Category Archives: Space

Giving talks

Back in the early 80s, shortly after the first space shuttle flight and landing, I joined a bunch of space enthusiasts in trying to figure out how to lobby for and promote an expanded space program. Not much happened, and things sobered up real fast after the Columbia disaster. But I remember one fellow, a computer programmer, whose main idea was that we should "give talks." I never gave any, and don’t remember anyone who did. But, 25 or so years later here’s a new forum for just that.

The astronaut sham

The so-called "Mercury 13," (or should it be 25?), a combination academic and media fraud, gets a going over by veteran space writer James Oberg. His piece is poorly edited, but the details are all there (just repeated now and then). How the University of Wisconsin lent credence to spurious claims of women denied astronaut status at the beginning of the space race. In fact, Oberg shows, they weren’t the test pilots President Eisenhower had stipulated, and so they could not be chosen.

Ice miners

NASA’s orbiter, Mars Odyssey, has found the perfect occupation for the first Martians: digging up all the ice for water to drink and grow things. The ice beds are estimated to be available on about a third of the planet, at varying depths.

Tintypes from Jupiter

New shots of Jupiter and its moons, from a passing NASA spacecraft on the way to Pluto, are pretty enough but raise the question of why all but a few are in black-and-white? No explanation I can find on the NASA sites. Maybe it’s because it will be so dark at Pluto, so far from the sun, that there’s no point in trying for color?

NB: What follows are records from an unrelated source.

(* Let $G$ be a finitely presented group, $A$ an abelian group and $B$ a group with trivial center. There is a surjective homomorphism $G\times A\to B\times A$ if and only if there is a surjective homomorphism $G\to B$. *)

theory Defs
  imports "HOL-Algebra.Algebra"
begin

text \<open>Words over generators (natural numbers); a letter (x, True) denotes the
  inverse of generator x, (x, False) the generator itself.\<close>

type_synonym word = "(nat \<times> bool) list"

fun letter_eval :: "('g, 'm) monoid_scheme \<Rightarrow> (nat \<Rightarrow> 'g) \<Rightarrow> nat \<times> bool \<Rightarrow> 'g" where
  "letter_eval G f (x, b) = (if b then inv\<^bsub>G\<^esub> (f x) else f x)"

definition word_eval :: "('g, 'm) monoid_scheme \<Rightarrow> (nat \<Rightarrow> 'g) \<Rightarrow> word \<Rightarrow> 'g" where
  "word_eval G f w = foldr (\<lambda>l acc. letter_eval G f l \<otimes>\<^bsub>G\<^esub> acc) w \<one>\<^bsub>G\<^esub>"

inductive pres_step :: "word set \<Rightarrow> word \<Rightarrow> word \<Rightarrow> bool" for R where
  cancel: "pres_step R (u @ [(x, b), (x, \<not> b)] @ v) (u @ v)"
| relator: "r \<in> R \<Longrightarrow> pres_step R (u @ r @ v) (u @ v)"

text \<open>Equality in the presented group F(X)/<<R>>: the equivalence relation
  generated by the reduction steps.\<close>

definition pres_equiv :: "word set \<Rightarrow> word \<Rightarrow> word \<Rightarrow> bool" where
  "pres_equiv R = (symclp (pres_step R))\<^sup>*\<^sup>*"

text \<open>G is finitely presented: there are finitely many generators X and
  finitely many relators R (words over X) and an assignment f of the generators
  to elements of G inducing an isomorphism F(X)/<<R>> \<cong> G, i.e. the induced map
  is surjective and a word is trivial in G iff it is trivial in F(X)/<<R>>.\<close>

definition finitely_presented :: "('g, 'm) monoid_scheme \<Rightarrow> bool" where
  "finitely_presented G \<longleftrightarrow>
     (\<exists>(Gens :: nat set) (Rels :: word set) (f :: nat \<Rightarrow> 'g).
        finite Gens \<and> finite Rels \<and> (\<forall>r\<in>Rels. set r \<subseteq> Gens \<times> UNIV) \<and>
        f ` Gens \<subseteq> carrier G \<and>
        (\<forall>g\<in>carrier G. \<exists>w. set w \<subseteq> Gens \<times> UNIV \<and> word_eval G f w = g) \<and>
        (\<forall>w. set w \<subseteq> Gens \<times> UNIV \<longrightarrow> (word_eval G f w = \<one>\<^bsub>G\<^esub> \<longleftrightarrow> pres_equiv Rels w [])))"

definition trivial_center :: "('g, 'm) monoid_scheme \<Rightarrow> bool" where
  "trivial_center B \<longleftrightarrow>
     (\<forall>z\<in>carrier B. (\<forall>y\<in>carrier B. z \<otimes>\<^bsub>B\<^esub> y = y \<otimes>\<^bsub>B\<^esub> z) \<longrightarrow> z = \<one>\<^bsub>B\<^esub>)"

end

theory Submission
  imports Defs
begin

(* Composing an epimorphism G \<times> A \<rightarrow> B \<times> A with the projection onto B gives an
   epimorphism p : G \<times> A \<rightarrow> B. The factor A is central in G \<times> A, so its image under
   the surjection p is central in B, hence trivial; therefore p (g, a) = p (g, 1) and
   g \<mapsto> p (g, 1) is already onto B. Conversely, f \<times> id lifts an epimorphism G \<rightarrow> B. *)

lemma epi_fst_DirProd:
  assumes "monoid H"
  shows "fst \<in> epi (G \<times>\<times> H) G"
proof -
  have "carrier H \<noteq> {}"
    using monoid.one_closed[OF assms] by blast
  then show ?thesis
    by (force simp: epi_def hom_def)
qed

lemma epi_image_central:
  assumes f: "f \<in> epi G H" and z: "z \<in> carrier G"
    and central: "\<forall>y\<in>carrier G. z \<otimes>\<^bsub>G\<^esub> y = y \<otimes>\<^bsub>G\<^esub> z"
  shows "\<forall>y\<in>carrier H. f z \<otimes>\<^bsub>H\<^esub> y = y \<otimes>\<^bsub>H\<^esub> f z"
proof
  have f_hom: "f \<in> hom G H"
    using f by (simp add: epi_def)
  fix y assume "y \<in> carrier H"
  then obtain x where x: "x \<in> carrier G" "y = f x"
    using f by (auto simp: epi_def)
  have "f z \<otimes>\<^bsub>H\<^esub> f x = f (z \<otimes>\<^bsub>G\<^esub> x)"
    using hom_mult[OF f_hom] x z by simp
  also have "\<dots> = f (x \<otimes>\<^bsub>G\<^esub> z)"
    using central x by simp
  also have "\<dots> = f x \<otimes>\<^bsub>H\<^esub> f z"
    using hom_mult[OF f_hom] x z by simp
  finally show "f z \<otimes>\<^bsub>H\<^esub> y = y \<otimes>\<^bsub>H\<^esub> f z"
    using x by simp
qed

lemma DirProd_right_factor_central:
  assumes "monoid G" "comm_monoid A" "a \<in> carrier A"
  shows "\<forall>y\<in>carrier (G \<times>\<times> A). (\<one>\<^bsub>G\<^esub>, a) \<otimes>\<^bsub>G \<times>\<times> A\<^esub> y = y \<otimes>\<^bsub>G \<times>\<times> A\<^esub> (\<one>\<^bsub>G\<^esub>, a)"
proof
  fix y assume "y \<in> carrier (G \<times>\<times> A)"
  then obtain g b where "y = (g, b)" "g \<in> carrier G" "b \<in> carrier A"
    by auto
  then show "(\<one>\<^bsub>G\<^esub>, a) \<otimes>\<^bsub>G \<times>\<times> A\<^esub> y = y \<otimes>\<^bsub>G \<times>\<times> A\<^esub> (\<one>\<^bsub>G\<^esub>, a)"
    using assms by (simp add: comm_monoid.m_comm)
qed

lemma epi_DirProd_right_factor_trivial:
  assumes p: "p \<in> epi (G \<times>\<times> A) B"
    and G: "monoid G" and A: "comm_monoid A" and B: "trivial_center B" and a: "a \<in> carrier A"
  shows "p (\<one>\<^bsub>G\<^esub>, a) = \<one>\<^bsub>B\<^esub>"
proof -
  have one_a: "(\<one>\<^bsub>G\<^esub>, a) \<in> carrier (G \<times>\<times> A)"
    using G a by (simp add: monoid.one_closed)
  then have "p (\<one>\<^bsub>G\<^esub>, a) \<in> carrier B"
    using p unfolding epi_def by blast
  moreover have "\<forall>y\<in>carrier B. p (\<one>\<^bsub>G\<^esub>, a) \<otimes>\<^bsub>B\<^esub> y = y \<otimes>\<^bsub>B\<^esub> p (\<one>\<^bsub>G\<^esub>, a)"
    using epi_image_central[OF p one_a DirProd_right_factor_central[OF G A a]] .
  ultimately show ?thesis
    using B unfolding trivial_center_def by blast
qed

lemma epi_DirProd_restrict_left:
  assumes p: "p \<in> epi (G \<times>\<times> A) B"
    and G: "monoid G" and A: "comm_monoid A" and B: "monoid B" and B_center: "trivial_center B"
  shows "(\<lambda>g. p (g, \<one>\<^bsub>A\<^esub>)) \<in> epi G B"
  unfolding epi_iff_subset
proof
  have one_A: "\<one>\<^bsub>A\<^esub> \<in> carrier A"
    using A by (simp add: comm_monoid.axioms(1) monoid.one_closed)
  have p_hom: "p \<in> hom (G \<times>\<times> A) B"
    using p by (simp add: epi_def)
  have p_mult: "p (g \<otimes>\<^bsub>G\<^esub> g', a \<otimes>\<^bsub>A\<^esub> a') = p (g, a) \<otimes>\<^bsub>B\<^esub> p (g', a')"
    if "g \<in> carrier G" "a \<in> carrier A" "g' \<in> carrier G" "a' \<in> carrier A" for g a g' a'
    using hom_mult[OF p_hom, of "(g, a)" "(g', a')"] that by simp
  show "(\<lambda>g. p (g, \<one>\<^bsub>A\<^esub>)) \<in> hom G B"
  proof (rule homI)
    fix g assume "g \<in> carrier G"
    then show "p (g, \<one>\<^bsub>A\<^esub>) \<in> carrier B"
      using p_hom one_A by (simp add: hom_in_carrier)
  next
    fix g g' assume "g \<in> carrier G" "g' \<in> carrier G"
    then show "p (g \<otimes>\<^bsub>G\<^esub> g', \<one>\<^bsub>A\<^esub>) = p (g, \<one>\<^bsub>A\<^esub>) \<otimes>\<^bsub>B\<^esub> p (g', \<one>\<^bsub>A\<^esub>)"
      using p_mult[of g "\<one>\<^bsub>A\<^esub>" g' "\<one>\<^bsub>A\<^esub>"] one_A A by (simp add: comm_monoid.axioms(1))
  qed
  show "carrier B \<subseteq> (\<lambda>g. p (g, \<one>\<^bsub>A\<^esub>)) ` carrier G"
  proof
    fix b assume "b \<in> carrier B"
    then have "b \<in> p ` carrier (G \<times>\<times> A)"
      using p by (simp add: epi_def)
    then obtain g a where ga: "g \<in> carrier G" "a \<in> carrier A" "b = p (g, a)"
      by auto
    have "p (g, a) = p (g \<otimes>\<^bsub>G\<^esub> \<one>\<^bsub>G\<^esub>, \<one>\<^bsub>A\<^esub> \<otimes>\<^bsub>A\<^esub> a)"
      using ga G A by (simp add: comm_monoid.axioms(1))
    also have "\<dots> = p (g, \<one>\<^bsub>A\<^esub>) \<otimes>\<^bsub>B\<^esub> \<one>\<^bsub>B\<^esub>"
      using p_mult[of g "\<one>\<^bsub>A\<^esub>" "\<one>\<^bsub>G\<^esub>" a] ga one_A G
        epi_DirProd_right_factor_trivial[OF p G A B_center]
      by (simp add: monoid.one_closed)
    also have "\<dots> = p (g, \<one>\<^bsub>A\<^esub>)"
      using p_hom ga one_A B by (simp add: hom_in_carrier)
    finally show "b \<in> (\<lambda>g. p (g, \<one>\<^bsub>A\<^esub>)) ` carrier G"
      using ga by blast
  qed
qed

lemma epi_DirProd_id_right:
  assumes "f \<in> epi G B"
  shows "(\<lambda>(g, a). (f g, a)) \<in> epi (G \<times>\<times> A) (B \<times>\<times> A)"
  using assms unfolding epi_def hom_def by (auto simp: Pi_def image_iff) (metis image_iff)

theorem lemma7p21:
  fixes G :: "('g, 'm) monoid_scheme" and A :: "('a, 'n) monoid_scheme"
    and B :: "('b, 'k) monoid_scheme"
  assumes "group G" and "finitely_presented G"
    and "comm_group A"
    and "group B" and "trivial_center B"
  shows "(\<exists>h. h \<in> epi (G \<times>\<times> A) (B \<times>\<times> A)) \<longleftrightarrow> (\<exists>h. h \<in> epi G B)"
proof
  have G: "monoid G" and A: "comm_monoid A" and B: "monoid B"
    using assms by (simp_all add: group.is_monoid comm_group.axioms(1))
  assume "\<exists>h. h \<in> epi (G \<times>\<times> A) (B \<times>\<times> A)"
  then obtain h where "h \<in> epi (G \<times>\<times> A) (B \<times>\<times> A)" by blast
  then have "fst \<circ> h \<in> epi (G \<times>\<times> A) B"
    using epi_compose epi_fst_DirProd A comm_monoid.axioms(1) by blast
  then have "(\<lambda>g. (fst \<circ> h) (g, \<one>\<^bsub>A\<^esub>)) \<in> epi G B"
    using epi_DirProd_restrict_left G A B \<open>trivial_center B\<close> by blast
  then show "\<exists>f. f \<in> epi G B" by blast
next
  assume "\<exists>f. f \<in> epi G B"
  then show "\<exists>h. h \<in> epi (G \<times>\<times> A) (B \<times>\<times> A)"
    using epi_DirProd_id_right by blast
qed

end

"New Horizons came within 1.4 million miles of Jupiter on Feb. 28 in a gravity assist maneuver designed to trim three years off its travel time to Pluto. For several weeks before and after this closest approach, the piano-sized robotic probe trained its seven cameras and sensors on Jupiter and its four largest moons, storing data from nearly 700 observations on its digital recorders and gradually sending that information back to Earth." 

Today’s pretty picture

m81deep_hallas720.jpg

You’ll never look at the Big Dipper again without remembering this item, 11.8 million light years beyond your vision, just off the lip of the cup. M81 in Ursa Major/Tony Hallas, via NASA

Almost zero G

Famed physicist Stephen Hawking, advocate of humanity migrating into the solar system and beyond, will soon get his first experience with microgravity in a Boeing 727 on a parabolic flight:

"To be allowed to carry Prof. Hawking, Zero-G needed to obtain a unique certificate from the Federal Aviation Administration (FAA)–no one has ever flown a disabled person in weightlessness before. Prof. Hawking will be accompanied by a team of three doctors and at least two of the Cambridge professor’s experienced caregivers."

I had the chance for a similar flight out of Houston a few years before I retired, but passed on it. I get rather seriously seasick, and sometimes airsick, and while I would jump at an opportunity to go into space, a minute or less in microgravity (bookended by a stomach-churning 1.8 Gs) hardly seems worth it. Though it does look like fun.

UPDATE  Post-flight, Hawking tells the BBC: "It was amazing.The zero-G part was wonderful and the higher-G part was no problem. I could have gone on and on. Space, here I come!"

Red sun, all the time

Imagine living on a world where the sun, a red dwarf, is twenty times the size of the moon, and hangs permanently in the sky. That’s because the planet doesn’t rotate, but has one side permanently light and the other permanently dark. The temperature range, however, is roughly that of Earth, meaning you might have running water. That’s if a new discovery by European astronomers, using telescopes in Chile, holds up. But because it’s 120 trillion miles away, and its information has to be inferred rather than seen, it might not.